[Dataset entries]

[Start of section]

lemma std_exp_summand:
  assumes x: "x \<in> SMh M" and eq: "std_exp x = c + e"
  shows "std_exp (psiexp c) = c"
proof -
  have ce: "c \<in> Ey M" "e \<in> Ey M"
    using std_exp_in_Ey[OF x] eq by (simp_all add: Ey_add_iff)
  show ?thesis
  proof (rule std_exp_eqI[OF ce(1)])
    fix b assume b: "b \<in> Ey M" "psiexp b = psiexp c" "b \<noteq> c"
    show "lt_y c b"
    proof (rule ccontr)
      \<comment> \<open>Otherwise b + e would be a smaller preimage of x than std_exp x.\<close>
      assume "\<not> lt_y c b"
      then have "lt_y b c" using less_y.total b ce by blast
      then have less: "lt_y (b + e) (std_exp x)" using less_y_add_right b(1) ce eq by simp
      have "b + e \<in> Ey M" "psiexp (b + e) = x"
        using b ce psiexp_std_exp[OF x] eq by (simp_all add: Ey_add_iff psiexp_add)
      then have "b + e = std_exp x \<or> lt_y (std_exp x) (b + e)"
        using std_exp_least[OF x] by blast
      then show False
        using less less_y.irrefl less_y.asym \<open>b + e \<in> Ey M\<close> std_exp_in_Ey[OF x] by metis
    qed
  qed
qed

section \<open>The normal form map\<close>

definition std_lift :: "((int^'n) \<times> int \<Rightarrow>\<^sub>0 'k::comm_monoid_add) \<Rightarrow> ((int^'n \<Rightarrow>\<^sub>0 nat) \<Rightarrow>\<^sub>0 'k)" where
  "std_lift f = (\<Sum>x\<in>Poly_Mapping.keys f. Poly_Mapping.single (std_exp x) (Poly_Mapping.lookup f x))"

lemma lookup_std_lift:
  assumes "Poly_Mapping.keys f \<subseteq> SMh M" "x \<in> SMh M"
  shows "Poly_Mapping.lookup (std_lift f) (std_exp x) = Poly_Mapping.lookup f x"
proof -
  have "Poly_Mapping.lookup (std_lift f) (std_exp x)
      = (\<Sum>y\<in>Poly_Mapping.keys f. if y = x then Poly_Mapping.lookup f y else 0)"
    unfolding std_lift_def lookup_sum
  proof (rule sum.cong)
    fix y assume "y \<in> Poly_Mapping.keys f"
    then have "std_exp y = std_exp x \<longleftrightarrow> y = x"
      using assms inj_onD[OF std_exp_inj] by blast
    then show "Poly_Mapping.lookup (Poly_Mapping.single (std_exp y) (Poly_Mapping.lookup f y)) (std_exp x)
        = (if y = x then Poly_Mapping.lookup f y else 0)"
      by (simp add: lookup_single when_def)
  qed simp
  then show ?thesis by (simp add: in_keys_iff)
qed

lemma keys_std_lift:
  assumes "Poly_Mapping.keys f \<subseteq> SMh M"
  shows "Poly_Mapping.keys (std_lift f) = std_exp ` Poly_Mapping.keys f"
proof
  show "Poly_Mapping.keys (std_lift f) \<subseteq> std_exp ` Poly_Mapping.keys f"
    unfolding std_lift_def
    using keys_sum[of "\<lambda>x. Poly_Mapping.single (std_exp x) (Poly_Mapping.lookup f x)" "Poly_Mapping.keys f"]
    by (auto split: if_splits)
  show "std_exp ` Poly_Mapping.keys f \<subseteq> Poly_Mapping.keys (std_lift f)"
    using assms lookup_std_lift[OF assms] by (auto simp: in_keys_iff)
qed

lemma std_lift_in_Ky: "Poly_Mapping.keys f \<subseteq> SMh M \<Longrightarrow> std_lift f \<in> Ky M"
  using std_exp_in_Ey by (auto simp: Ky_def keys_std_lift)

lemma psi_std_lift:
  assumes "Poly_Mapping.keys f \<subseteq> SMh M"
  shows "psi (std_lift f) = f"
proof -
  have "psi (std_lift f) = (\<Sum>x\<in>Poly_Mapping.keys f. Poly_Mapping.single x (Poly_Mapping.lookup f x))"
    unfolding std_lift_def psi_sum psi_single
    by (rule sum.cong) (use assms psiexp_std_exp in auto)
  then show ?thesis by (simp add: sum_single_lookup)
qed

lemma lookup_psi_lm:
  assumes "g \<in> Ky M" "g \<noteq> 0" and std: "std_exp (psiexp (lm lt_y g)) = lm lt_y g"
  shows "Poly_Mapping.lookup (psi g) (psiexp (lm lt_y g)) = Poly_Mapping.lookup g (lm lt_y g)"
proof -
  let ?m = "lm lt_y g"
  have K: "Poly_Mapping.keys g \<subseteq> Ey M" using assms(1) by (simp add: Ky_def)
  note lm = less_y.lm_greatest[OF K assms(2)]
  have "psiexp a = psiexp ?m \<longleftrightarrow> a = ?m" if "a \<in> Poly_Mapping.keys g" for a
  proof
    assume "psiexp a = psiexp ?m"
    then have "a \<noteq> ?m \<Longrightarrow> lt_y ?m a"
      using std_exp_least[OF psiexp_in_SMh, of ?m a] std K that lm(1) by auto
    then show "a = ?m"
      using lm(2) that less_y.asym K lm(1) by blast
  qed simp
  then have "Poly_Mapping.lookup (psi g) (psiexp ?m)
      = (\<Sum>a\<in>Poly_Mapping.keys g. if a = ?m then Poly_Mapping.lookup g a else 0)"
    unfolding lookup_psi by (intro sum.cong) auto
  then show ?thesis using lm(1) by simp
qed

lemma lm_Tideal_ne_std_exp:
  assumes "q \<in> Tideal M" "q \<noteq> 0" "x \<in> SMh M"
  shows "lm lt_y q \<noteq> std_exp x"
proof
  assume eq: "lm lt_y q = std_exp x"
  have q: "q \<in> Ky M" "psi q = 0" using assms(1) by (simp_all add: Tideal_def)
  have "Poly_Mapping.lookup q (lm lt_y q) = 0"
    using lookup_psi_lm[OF q(1) assms(2)] q(2) eq psiexp_std_exp[OF assms(3)] by simp
  with lm_less_y_in_keys[OF q(1) assms(2)] show False by (simp add: in_keys_iff)
qed

definition T_reduced :: "((int^'n \<Rightarrow>\<^sub>0 nat) \<Rightarrow>\<^sub>0 'k::comm_monoid_add) \<Rightarrow> bool" where
  "T_reduced r \<longleftrightarrow>
     (\<forall>\<alpha>\<in>Poly_Mapping.keys r. \<not> (\<exists>q\<in>Tideal M. q \<noteq> (0 :: _ \<Rightarrow>\<^sub>0 'k) \<and> lm lt_y q = \<alpha>))"

lemma T_reduced_std_lift: "Poly_Mapping.keys f \<subseteq> SMh M \<Longrightarrow> T_reduced (std_lift f)"
  using lm_Tideal_ne_std_exp by (auto simp: T_reduced_def keys_std_lift)

lemma T_reduced_unique:
  fixes r r' :: "(int^'n \<Rightarrow>\<^sub>0 nat) \<Rightarrow>\<^sub>0 'k::ab_group_add"
  assumes "r - r' \<in> Tideal M" "T_reduced r" "T_reduced r'"
  shows "r = r'"
proof (rule ccontr)
  assume "r \<noteq> r'"
  then have "lm lt_y (r - r') \<in> Poly_Mapping.keys (r - r')"
    using assms(1) by (intro lm_less_y_in_keys) (simp_all add: Tideal_def)
  then have "lm lt_y (r - r') \<in> Poly_Mapping.keys r \<union> Poly_Mapping.keys r'"
    using keys_diff[of r r'] by blast
  moreover have "r - r' \<noteq> 0" using \<open>r \<noteq> r'\<close> by simp
  ultimately show False
    using assms unfolding T_reduced_def by blast
qed

lemma eta_eq_std_lift:
  fixes g :: "(int^'n \<Rightarrow>\<^sub>0 nat) \<Rightarrow>\<^sub>0 'k::ab_group_add"
  assumes g: "g \<in> Ky M"
  shows "eta M lt_y g = std_lift (psi g)"
proof -
  have K: "Poly_Mapping.keys (psi g) \<subseteq> SMh M" using psi_Ky_subset_KS[OF g] by (simp add: KS_def)
  have std_Ky: "std_lift (psi g) \<in> Ky M" by (rule std_lift_in_Ky[OF K])
  have "g - std_lift (psi g) \<in> Tideal M"
    using Ky_diff[OF g std_Ky] by (simp add: Tideal_def psi_diff psi_std_lift[OF K])
  show ?thesis
    unfolding eta_def T_reduced_def[symmetric]
  proof (rule the_equality)
    show "std_lift (psi g) \<in> Ky M \<and> g - std_lift (psi g) \<in> Tideal M \<and> T_reduced (std_lift (psi g))"
      using std_Ky \<open>g - std_lift (psi g) \<in> Tideal M\<close> T_reduced_std_lift[OF K] by blast
    fix r assume r: "r \<in> Ky M \<and> g - r \<in> Tideal M \<and> T_reduced r"
    have "r - std_lift (psi g) = (g - std_lift (psi g)) - (g - r)" by simp
    also have "\<dots> \<in> Tideal M"
      using \<open>g - std_lift (psi g) \<in> Tideal M\<close> by (rule Tideal_diff) (use r in blast)
    finally show "r = std_lift (psi g)"
      using r T_reduced_std_lift[OF K] by (intro T_reduced_unique) simp_all
  qed
qed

[End of section]

Check each line in the records above for the word "unfolding". Return those that have it.

    unfolding std_lift_def lookup_sum
    unfolding std_lift_def
    unfolding std_lift_def psi_sum psi_single
    unfolding lookup_psi by (intro sum.cong) auto
    using assms unfolding T_reduced_def by blast
    unfolding eta_def T_reduced_def[symmetric]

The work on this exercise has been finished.